This project is an algorithmic web scraper that extracts text from web pages and classifies paragraphs into specific themes. It uses a modern graphical interface to allow users to enter a URL and view the organized results in an interactive table.
- Python: Main programming language.
- Requests: For making HTTP requests.
- BeautifulSoup: For parsing HTML.
- Pandas: For data manipulation and organization.
- ttkbootstrap: For creating a modern graphical interface.
- Tkinter: For handling messages and managing images.
- PIL (Pillow): For handling and displaying images in the graphical interface.

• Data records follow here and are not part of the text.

lemma cong_pow_power_self:
  fixes u p k :: nat
  assumes "[u ^ (p - 1) = 1] (mod k)" and "p > 0"
  shows "[u ^ (p ^ j) = u] (mod k)"
proof (induction j)
  case 0
  then show ?case by simp
next
  case (Suc j)
  have "u ^ (p ^ Suc j) = (u ^ (p ^ j)) ^ p"
    by (simp add: power_mult[symmetric] mult.commute)
  also have "[\<dots> = u ^ p] (mod k)"
    using Suc by (rule cong_pow)
  also have "u ^ p = u * u ^ (p - 1)"
    using assms(2) by (metis power_Suc Suc_diff_1)
  also have "[\<dots> = u * 1] (mod k)"
    using assms(1) by (intro cong_mult cong_refl)
  finally show ?case by simp
qed

lemma teichmueller_lift_unique:
  fixes u v p k :: nat
  assumes "k \<ge> 1" and "p > 0"
    and "[u ^ (p - 1) = 1] (mod p ^ k)" and "[v ^ (p - 1) = 1] (mod p ^ k)"
    and "[u = v] (mod p)"
  shows "[u = v] (mod p ^ k)"
proof -
  have "[u ^ (p ^ (k - 1)) = v ^ (p ^ (k - 1))] (mod p ^ k)"
    using cong_pow_prime_power_lift[OF assms(5), of "k - 1"] assms(1) by simp
  moreover have "[u ^ (p ^ (k - 1)) = u] (mod p ^ k)" "[v ^ (p ^ (k - 1)) = v] (mod p ^ k)"
    using cong_pow_power_self assms(2-4) by blast+
  ultimately show ?thesis
    by (meson cong_sym cong_trans)
qed

lemma teichmueller_lift_exists:
  fixes a p k :: nat
  assumes "prime p" and "\<not> p dvd a" and "k \<ge> 1"
  shows "\<exists>u. [u ^ (p - 1) = 1] (mod p ^ k) \<and> [u = a] (mod p)"
proof (intro exI conjI)
  have "coprime a (p ^ k)"
    using assms(1,2) by (rule prime_imp_power_coprime_nat)
  hence "[a ^ totient (p ^ k) = 1] (mod p ^ k)"
    by (rule euler_theorem)
  thus "[(a ^ (p ^ (k - 1))) ^ (p - 1) = 1] (mod p ^ k)"
    using totient_prime_power[of p k] assms by (simp add: power_mult)
  have "[a ^ (p - 1) = 1] (mod p)"
    using fermat_theorem assms by blast
  thus "[a ^ (p ^ (k - 1)) = a] (mod p)"
    using cong_pow_power_self assms prime_gt_0_nat by blast
qed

- Makes a GET request to the URL.
- Parses the HTML content to extract paragraphs.
- Classifies the paragraphs into themes based on predefined keywords.
- Returns a DataFrame with the paragraphs organized by theme.
The application provides a simple and modern graphical interface:
- URL Entry: Allows the user to input the URL of the web page to scrape.
- Scraping Button: Starts the scraping process.
- Results Table: Displays the extracted and classified paragraphs in an interactive table.
- URL Input: The user enters the URL in the graphical interface.
- Scraping: The application makes a request to the URL, parses the HTML, and extracts paragraphs.
- Classification: The paragraphs are classified into themes using predefined keywords.
- Visualization: The results are displayed in a table within the graphical interface.
- AI Training: Facilitates the creation of datasets for training natural language processing models.
- Content Analysis: Useful for extracting and analyzing content from news sites, blogs, and other web pages.
- Market Research: Allows for the collection of data on products, trends, and consumer opinions.
Contributions are welcome. Please open an issue to discuss any changes you would like to make.